The faith of Liberians was especially tested in the midst of the terrible suffering and death caused by Ebola.

“I came to have a greater respect for fear because I was afraid that I was going to get it,” said Dr. Flanigan. “You prayed with more intensity.”

Faith giving birth to courage was especially evident among Liberian nurses: “Nurses were particularly impacted. It was dangerous for them to help the sick, because they would often get sick. They were really heroes. Every day, they kept going back to work,” he said.

For Dr. Flanigan, however the great challenge of our time is not a modern crisis of faith but how to take suffering – especially in the West.

“This is particularly a paradox in our world today. We are good at making life very comfortable but we can’t prevent suffering of the human heart,” he said.

The proof of this is suicide, depression and anxiety in people who are otherwise very healthy.

“As a physician, you rub up against human anguish and suffering. You either understand the love of our Lord in the midst of human suffering, or as some people do, you reject God. My personal take is that the Lord draws people who suffer very close to Him even if they don’t have a great intellectual understanding of Him,” he said.

Dr. Flanigan sees this frequently with his HIV and Ebola patients, many of whom one would think are far from the faith.

“One of my patients in the 1980s was a man from San Francisco. He was a gay man who had been alienated from the Church. He stayed in the hospital for six weeks with an infection.
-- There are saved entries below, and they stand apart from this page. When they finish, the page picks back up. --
(* Let $n\ge2$, $\mathbb W:=\mathbb R^{n\times n}_{\mathrm{sym}}$ with the Frobenius inner product, $D:=\{W\in\mathbb W: W\succeq0,\ \operatorname{rank}W\le1\}$, $G\colon\mathbb W\to\mathbb R^n$, $G(W):=\operatorname{diag}W$, and $C:=\{e\}$ with $e$ the all-ones vector. Let $W$ be feasible, i.e., $W\in D$ and $\operatorname{diag}W=e$; write $W=nuu^\top$ with $u\in\{\pm n^{-1/2}\}^n$. Then $\mathcal N^{\lim}_D(W)\subset\{Y\in\mathbb W: Yu=0\}$, and GMFCQ holds at $W$: whenever $\lambda\in\mathbb R^n$ and $Y\in\mathcal N^{\lim}_D(W)$ satisfy $\operatorname{Diag}(\lambda)+Y=0$, then $\lambda=0$.
   Context: For a closed set $D\subset\mathbb W$, $\Pi_D$ is the (multivalued) Frobenius-norm projection and the limiting normal cone at $\bar W\in D$ is $\mathcal N^{\lim}_D(\bar W):=\limsup_{W'\to\bar W}\operatorname{cone}(W'-\Pi_D(W'))$ (outer set limit). $\operatorname{Diag}(\lambda)$ is the diagonal matrix with diagonal $\lambda$; note $G'(W)^*\lambda=\operatorname{Diag}(\lambda)$ and $\mathcal N_C(G(W))=\mathbb R^n$, so this is the condition $0\in G'(W)^*\lambda+\mathcal N^{\lim}_D(W),\ \lambda\in\mathcal N_C(G(W))\Rightarrow\lambda=0$. Every feasible $W$ has the form $nuu^\top$ with $u\in\{\pm n^{-1/2}\}^n$. *)

theory Defs
  imports "HOL-Analysis.Analysis"
begin

text \<open>The space W of symmetric n x n real matrices. The library norm on
  real^'n^'n is the Euclidean norm of the vector of rows, i.e. exactly the
  Frobenius norm, so dist below is the Frobenius distance.\<close>
definition sym_mats :: "(real^'n^'n) set" where
  "sym_mats = {W. transpose W = W}"

definition psd :: "real^'n^'n \<Rightarrow> bool" where
  "psd W \<longleftrightarrow> (\<forall>x. 0 \<le> x \<bullet> (W *v x))"

definition rankOneSet :: "(real^'n^'n) set" where
  "rankOneSet = {W \<in> sym_mats. psd W \<and> rank W \<le> 1}"

definition proj :: "(real^'n^'n) set \<Rightarrow> real^'n^'n \<Rightarrow> (real^'n^'n) set" where
  "proj S X = {P \<in> S. \<forall>Q\<in>S. dist X P \<le> dist X Q}"

text \<open>Limiting normal cone: outer (Painleve-Kuratowski) limit of
  cone(W' - Proj_D(W')) as W' tends to Wbar within the space of symmetric matrices.\<close>
definition lim_normal_cone :: "(real^'n^'n) set \<Rightarrow> real^'n^'n \<Rightarrow> (real^'n^'n) set" where
  "lim_normal_cone S Wb = {Y. \<exists>Wk Yk.
      (\<forall>k. Wk k \<in> sym_mats) \<and> Wk \<longlonglongrightarrow> Wb \<and> Yk \<longlonglongrightarrow> Y \<and>
      (\<forall>k. Yk k \<in> cone hull {Wk k - P | P. P \<in> proj S (Wk k)})}"

definition diag_vec :: "real^'n^'n \<Rightarrow> real^'n" where
  "diag_vec W = (\<chi> i. W $ i $ i)"

definition Diag :: "real^'n \<Rightarrow> real^'n^'n" where
  "Diag l = (\<chi> i j. if i = j then l $ i else 0)"

definition outer :: "real^'n \<Rightarrow> real^'n \<Rightarrow> real^'n^'n" where
  "outer u v = (\<chi> i j. u $ i * v $ j)"

end

theory Submission
  imports Defs
begin

text \<open>Every point P of the projection of X onto D is a minimiser of the distance to X along
  the curves s \<mapsto> (I + s A) P (I + s A)^T, which stay in D. The first-order condition along
  these curves, with A = x y^T, says that the residual X - P annihilates the range of P. Since
  the projections of W' \<rightarrow> W converge to W, every limiting normal Y satisfies Y W = 0, and for
  W = n u u^T this is Y u = 0. Finally Diag(\<lambda>) u = 0 forces \<lambda> = 0 because no entry of u
  vanishes.\<close>

lemma isCont_mult_nonneg_imp_zero:
  fixes g :: "real \<Rightarrow> real"
  assumes "isCont g 0" and "\<And>s. 0 \<le> s * g s"
  shows "g 0 = 0"
proof -
  have right: "(g \<longlongrightarrow> g 0) (at_right 0)" and left: "(g \<longlongrightarrow> g 0) (at_left 0)"
    using assms(1) by (auto simp: isCont_def filterlim_at_split)
  have "\<forall>\<^sub>F s in at_right 0. 0 \<le> g s"
    using eventually_at_right_less by (rule eventually_mono) (metis assms(2) zero_le_mult_iff not_le)
  with right have "0 \<le> g 0" by (intro tendsto_lowerbound) auto
  moreover have "\<forall>\<^sub>F s in at_left (0::real). s < 0"
    by (simp add: eventually_at_filter)
  then have "\<forall>\<^sub>F s in at_left 0. g s \<le> 0"
    by (rule eventually_mono) (metis assms(2) zero_le_mult_iff not_le)
  with left have "g 0 \<le> 0" by (intro tendsto_upperbound) auto
  ultimately show ?thesis by simp
qed

lemma tendsto_matrix_vector_mult:
  fixes A :: "nat \<Rightarrow> real^'n^'m" and x :: "nat \<Rightarrow> real^'n"
  assumes "A \<longlonglongrightarrow> A0" and "x \<longlonglongrightarrow> x0"
  shows "(\<lambda>k. A k *v x k) \<longlonglongrightarrow> A0 *v x0"
proof (rule vec_tendstoI)
  fix i
  have "(\<lambda>k. \<Sum>j\<in>UNIV. A k $ i $ j * x k $ j) \<longlonglongrightarrow> (\<Sum>j\<in>UNIV. A0 $ i $ j * x0 $ j)"
    by (intro tendsto_intros assms)
  then show "(\<lambda>k. (A k *v x k) $ i) \<longlonglongrightarrow> (A0 *v x0) $ i"
    by (simp add: matrix_vector_mult_def)
qed

lemma matrix_mul_add_rdistrib: "(B + C) ** A = B ** A + C ** (A :: 'a::semiring_1^'n^'m)"
  by (vector matrix_matrix_mult_def sum.distrib[symmetric] field_simps)

lemma transpose_add: "transpose (A + B) = transpose A + transpose (B :: 'a::semiring_1^'n^'m)"
  by (vector transpose_def)

lemma inner_matrix_outer: "(R :: real^'n^'n) \<bullet> outer x y = x \<bullet> (R *v y)"
  by (simp add: inner_vec_def outer_def matrix_vector_mult_def sum_distrib_left mult_ac)

lemma outer_matrix_mul: "outer x y ** (P :: real^'n^'n) = outer x (transpose P *v y)"
  by (vector outer_def matrix_matrix_mult_def matrix_vector_mult_def transpose_def
      sum_distrib_left mult_ac)

lemma matrix_mul_transpose_outer: "(P :: real^'n^'n) ** transpose (outer x y) = outer (P *v y) x"
  by (vector outer_def matrix_matrix_mult_def matrix_vector_mult_def transpose_def
      sum_distrib_left mult_ac)

lemma outer_mult_vector: "outer x y *v z = (y \<bullet> z) *\<^sub>R (x :: real^'n)"
  by (vector outer_def matrix_vector_mult_def inner_vec_def sum_distrib_left sum_distrib_right
      mult_ac)

lemma Diag_mult_vector: "Diag l *v x = (\<chi> i. l $ i * x $ i)"
  by (simp add: Diag_def matrix_vector_mult_def vec_eq_iff if_distrib if_distribR cong: if_cong)

lemma inner_transpose_left: "x \<bullet> (M *v y) = (transpose M *v x) \<bullet> (y :: real^'n)"
  by (metis dot_lmul_matrix transpose_transpose vector_transpose_matrix)

lemma subspace_sym_mats: "subspace (sym_mats :: (real^'n^'n) set)"
  by (auto simp: subspace_def sym_mats_def transpose_def vec_eq_iff)

lemma closed_sym_mats: "closed (sym_mats :: (real^'n^'n) set)"
proof -
  have eq: "sym_mats = (\<Inter>i. \<Inter>j. {A :: real^'n^'n. A $ i $ j = A $ j $ i})"
    by (auto simp: sym_mats_def transpose_def vec_eq_iff)
  show ?thesis
    unfolding eq by (intro closed_INT ballI closed_Collect_eq continuous_intros)
qed

lemma rankOneSet_congruence:
  fixes P M :: "real^'n^'n"
  assumes "P \<in> rankOneSet"
  shows "M ** P ** transpose M \<in> rankOneSet"
proof -
  have sym: "transpose P = P" and psd: "psd P" and rank: "rank P \<le> 1"
    using assms by (auto simp: rankOneSet_def sym_mats_def)
  have "transpose (M ** P ** transpose M) = M ** P ** transpose M"
    by (simp add: matrix_transpose_mul sym matrix_mul_assoc)
  moreover have "psd (M ** P ** transpose M)"
    unfolding psd_def
  proof
    fix x :: "real^'n"
    have "x \<bullet> ((M ** P ** transpose M) *v x) = (transpose M *v x) \<bullet> (P *v (transpose M *v x))"
      by (simp only: matrix_vector_mul_assoc[symmetric] inner_transpose_left)
    then show "0 \<le> x \<bullet> ((M ** P ** transpose M) *v x)"
      using psd by (simp add: psd_def)
  qed
  moreover have "rank (M ** P ** transpose M) \<le> 1"
    using rank_mul_le_left[of "M ** P" "transpose M"] rank_mul_le_right[of M P] rank by linarith
  ultimately show ?thesis by (simp add: rankOneSet_def sym_mats_def)
qed

lemma proj_curve_inner_eq_zero:
  fixes X P B C :: "real^'n^'n"
  assumes "P \<in> proj S X" and "\<And>s. P + s *\<^sub>R B + s\<^sup>2 *\<^sub>R C \<in> S"
  shows "(X - P) \<bullet> B = 0"
proof -
  define R where "R = X - P"
  define g where "g s = -2 * (R \<bullet> B) + (B \<bullet> B - 2 * (R \<bullet> C)) * s + 2 * (B \<bullet> C) * s\<^sup>2
    + (C \<bullet> C) * s ^ 3" for s
  have "0 \<le> s * g s" for s
  proof -
    have "dist X P \<le> dist X (P + s *\<^sub>R B + s\<^sup>2 *\<^sub>R C)"
      using assms by (simp add: proj_def)
    then have "norm R \<le> norm (R - s *\<^sub>R B - s\<^sup>2 *\<^sub>R C)"
      by (simp add: dist_norm R_def algebra_simps)
    then have "R \<bullet> R \<le> (R - s *\<^sub>R B - s\<^sup>2 *\<^sub>R C) \<bullet> (R - s *\<^sub>R B - s\<^sup>2 *\<^sub>R C)"
      by (simp add: power_mono flip: power2_norm_eq_inner)
    also have "\<dots> = R \<bullet> R + s * g s"
      by (simp add: g_def inner_diff_left inner_diff_right inner_commute[of B R]
          inner_commute[of C R] inner_commute[of C B] power2_eq_square power3_eq_cube
          algebra_simps)
    finally show ?thesis by simp
  qed
  moreover have "isCont g 0"
    unfolding g_def by (intro continuous_intros)
  ultimately have "g 0 = 0"
    by (rule isCont_mult_nonneg_imp_zero[rotated])
  then show ?thesis by (simp add: g_def R_def)
qed

lemma proj_rankOneSet_residual_mult:
  fixes X P :: "real^'n^'n"
  assumes X: "X \<in> sym_mats" and P: "P \<in> proj rankOneSet X"
  shows "(X - P) ** P = 0"
proof -
  define R where "R = X - P"
  have PD: "P \<in> rankOneSet" using P by (simp add: proj_def)
  have Psym: "transpose P = P" using PD by (simp add: rankOneSet_def sym_mats_def)
  have Rsym: "transpose R = R"
    using X Psym by (simp add: R_def sym_mats_def transpose_def vec_eq_iff)
  have orth: "x \<bullet> (R *v (P *v y)) = 0" for x y
  proof -
    define A where "A = outer x y"
    define B where "B = A ** P + P ** transpose A"
    define C where "C = A ** P ** transpose A"
    have curve: "P + s *\<^sub>R B + s\<^sup>2 *\<^sub>R C = (mat 1 + s *\<^sub>R A) ** P ** transpose (mat 1 + s *\<^sub>R A)"
      for s by (simp add: B_def C_def transpose_add transpose_scalar matrix_add_ldistrib
          matrix_mul_add_rdistrib scalar_matrix_assoc[symmetric] matrix_scalar_ac
          power2_eq_square algebra_simps)
    have "R \<bullet> B = 0"
      unfolding R_def
      by (rule proj_curve_inner_eq_zero[OF P, where B = B and C = C])
        (metis curve rankOneSet_congruence[OF PD])
    moreover have "R \<bullet> B = x \<bullet> (R *v (P *v y)) + (P *v y) \<bullet> (R *v x)"
      by (simp add: B_def A_def inner_add_right outer_matrix_mul matrix_mul_transpose_outer
          inner_matrix_outer Psym)
    moreover have "(P *v y) \<bullet> (R *v x) = x \<bullet> (R *v (P *v y))"
      by (metis inner_transpose_left Rsym inner_commute)
    ultimately show ?thesis by simp
  qed
  have "(R ** P) *v y = 0" for y
    using orth[of "R *v (P *v y)" y] by (simp add: matrix_vector_mul_assoc)
  then show ?thesis
    unfolding R_def by (simp add: matrix_eq)
qed

lemma proj_tendsto:
  assumes "W \<in> S" and "Wk \<longlonglongrightarrow> W" and "\<And>k. P k \<in> proj S (Wk k)"
  shows "P \<longlonglongrightarrow> W"
proof -
  have bound: "dist (P k) W \<le> 2 * dist (Wk k) W" for k
  proof -
    have "dist (Wk k) (P k) \<le> dist (Wk k) W"
      using assms(1,3) by (simp add: proj_def)
    then show ?thesis
      using dist_triangle[of "P k" W "Wk k"] dist_commute[of "P k" "Wk k"] by linarith
  qed
  have "(\<lambda>k. 2 * dist (Wk k) W) \<longlonglongrightarrow> 0"
    using assms(2) by (intro tendsto_mult_right_zero tendsto_dist_iff[THEN iffD1])
  then have "(\<lambda>k. dist (P k) W) \<longlonglongrightarrow> 0"
    by (rule tendsto_sandwich[where f = "\<lambda>_. 0", rotated 3])
      (simp_all add: always_eventually bound)
  then show ?thesis
    by (rule tendsto_dist_iff[THEN iffD2])
qed

lemma lim_normal_cone_elim:
  assumes "Y \<in> lim_normal_cone S W"
  obtains Wk P c where "\<And>k. Wk k \<in> sym_mats" and "Wk \<longlonglongrightarrow> W"
    and "\<And>k. P k \<in> proj S (Wk k)" and "(\<lambda>k. c k *\<^sub>R (Wk k - P k)) \<longlonglongrightarrow> Y"
proof -
  obtain Wk Yk where Wk: "\<forall>k. Wk k \<in> sym_mats" "Wk \<longlonglongrightarrow> W" and Yk: "Yk \<longlonglongrightarrow> Y"
    and cone: "\<forall>k. Yk k \<in> cone hull {Wk k - P | P. P \<in> proj S (Wk k)}"
    using assms unfolding lim_normal_cone_def by blast
  have "\<forall>k. \<exists>c P. P \<in> proj S (Wk k) \<and> Yk k = c *\<^sub>R (Wk k - P)"
    using cone unfolding cone_hull_expl by blast
  then obtain c P where P: "\<And>k. P k \<in> proj S (Wk k)" and "\<And>k. Yk k = c k *\<^sub>R (Wk k - P k)"
    by metis
  then have "Yk = (\<lambda>k. c k *\<^sub>R (Wk k - P k))"
    by auto
  with Wk Yk P show ?thesis
    by (intro that[of Wk P c]) simp_all
qed

lemma lim_normal_cone_rankOneSet:
  fixes W Y :: "real^'n^'n"
  assumes "Y \<in> lim_normal_cone rankOneSet W" and "W \<in> rankOneSet"
  shows "Y \<in> sym_mats" and "Y ** W = 0"
proof -
  obtain Wk P c where Wk: "\<And>k. Wk k \<in> sym_mats" "Wk \<longlonglongrightarrow> W"
    and P: "\<And>k. P k \<in> proj rankOneSet (Wk k)"
    and Y: "(\<lambda>k. c k *\<^sub>R (Wk k - P k)) \<longlonglongrightarrow> Y"
    using lim_normal_cone_elim[OF assms(1)] by blast
  have "P k \<in> sym_mats" for k
    using P[of k] by (simp add: proj_def rankOneSet_def)
  then have "c k *\<^sub>R (Wk k - P k) \<in> sym_mats" for k
    using Wk(1) by (intro subspace_mul subspace_diff subspace_sym_mats)
  then show "Y \<in> sym_mats"
    by (rule closed_sequentially[OF closed_sym_mats _ Y])
  have "(\<lambda>k. (c k *\<^sub>R (Wk k - P k)) *v (P k *v x)) = (\<lambda>k. 0)" for x
    using proj_rankOneSet_residual_mult[OF Wk(1) P]
    by (simp add: matrix_vector_mul_assoc flip: scalar_matrix_assoc)
  moreover have "(\<lambda>k. (c k *\<^sub>R (Wk k - P k)) *v (P k *v x)) \<longlonglongrightarrow> Y *v (W *v x)" for x
    using proj_tendsto[OF assms(2) Wk(2) P]
    by (intro tendsto_matrix_vector_mult Y tendsto_const)
  ultimately have "Y *v (W *v x) = 0" for x
    using LIMSEQ_const_iff by metis
  then show "Y ** W = 0"
    by (simp add: matrix_eq matrix_vector_mul_assoc)
qed

theorem mainTheorem16:
  fixes W :: "real^'n^'n" and u :: "real^'n"
  assumes "CARD('n) \<ge> 2"
    and "W \<in> rankOneSet"
    and "diag_vec W = (\<chi> i. 1)"
    and "\<forall>i. u $ i = 1 / sqrt (real CARD('n)) \<or> u $ i = - 1 / sqrt (real CARD('n))"
    and "W = real CARD('n) *\<^sub>R outer u u"
  shows "lim_normal_cone rankOneSet W \<subseteq> {Y \<in> sym_mats. Y *v u = 0} \<and>
         (\<forall>l Y. Y \<in> lim_normal_cone rankOneSet W \<and> Diag l + Y = 0 \<longrightarrow> l = 0)"
proof -
  define n where "n = real CARD('n)"
  have usq: "u $ i * u $ i = 1 / n" for i
    using assms(4)[rule_format, of i] by (auto simp: n_def power_divide simp flip: power2_eq_square)
  have u_nz: "u $ i \<noteq> 0" for i
    using usq[of i] by (auto simp: n_def)
  have "u \<bullet> u = 1"
    by (simp add: inner_vec_def usq n_def)
  then have Wu: "W *v u = n *\<^sub>R u"
    by (simp add: assms(5) n_def outer_mult_vector flip: scaleR_matrix_vector_assoc)
  have normal: "Y \<in> sym_mats \<and> Y *v u = 0" if "Y \<in> lim_normal_cone rankOneSet W" for Y
  proof -
    have "n *\<^sub>R (Y *v u) = (Y ** W) *v u"
      by (simp add: Wu matrix_vector_mult_scaleR flip: matrix_vector_mul_assoc)
    then show ?thesis
      using lim_normal_cone_rankOneSet[OF that assms(2)] by (simp add: n_def)
  qed
  have "l = 0" if "Y \<in> lim_normal_cone rankOneSet W" and "Diag l + Y = 0" for l Y
  proof -
    have "Diag l *v u = (Diag l + Y) *v u - Y *v u"
      by (simp add: matrix_vector_mult_add_rdistrib)
    also have "\<dots> = 0"
      using normal[OF that(1)] that(2) by simp
    finally show "l = 0"
      using u_nz by (simp add: Diag_mult_vector vec_eq_iff)
  qed
  with normal show ?thesis by blast
qed

end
In the middle of his suffering, he turned to our Lord and prayed the rosary every day with his mother,” he said.

Dr. Flanigan learned a great lesson about the Holy Spirit from this.

“The Holy Spirit does not have to live with our preconceived notions. I am always surprised by the penetrating power of grace. You never have it all figured out. The Holy Spirit is often present in situations where you wouldn’t expect it,” he said.

Dr. Flanigan’s belief in the Holy Spirit keeps him going when he gets discouraged.

“There is a lot we don’t understand. I was speaking to a friend yesterday who works with drug addicts. He went to the morgue and saw a woman who had overdosed. She was 8 months pregnant. There is no answer in the middle of that kind of pain. Yet I know our Lord is present and embracing her,” he said.

When things gets overwhelming, he tells his students to HALT—something he himself follows.

“HALT means: if you are hungry, eat. If you are angry, take a walk. If you are lonely, then visit someone or call someone. If you are tired, then go to bed,” he said.

Great advice from someone in the trenches of human suffering.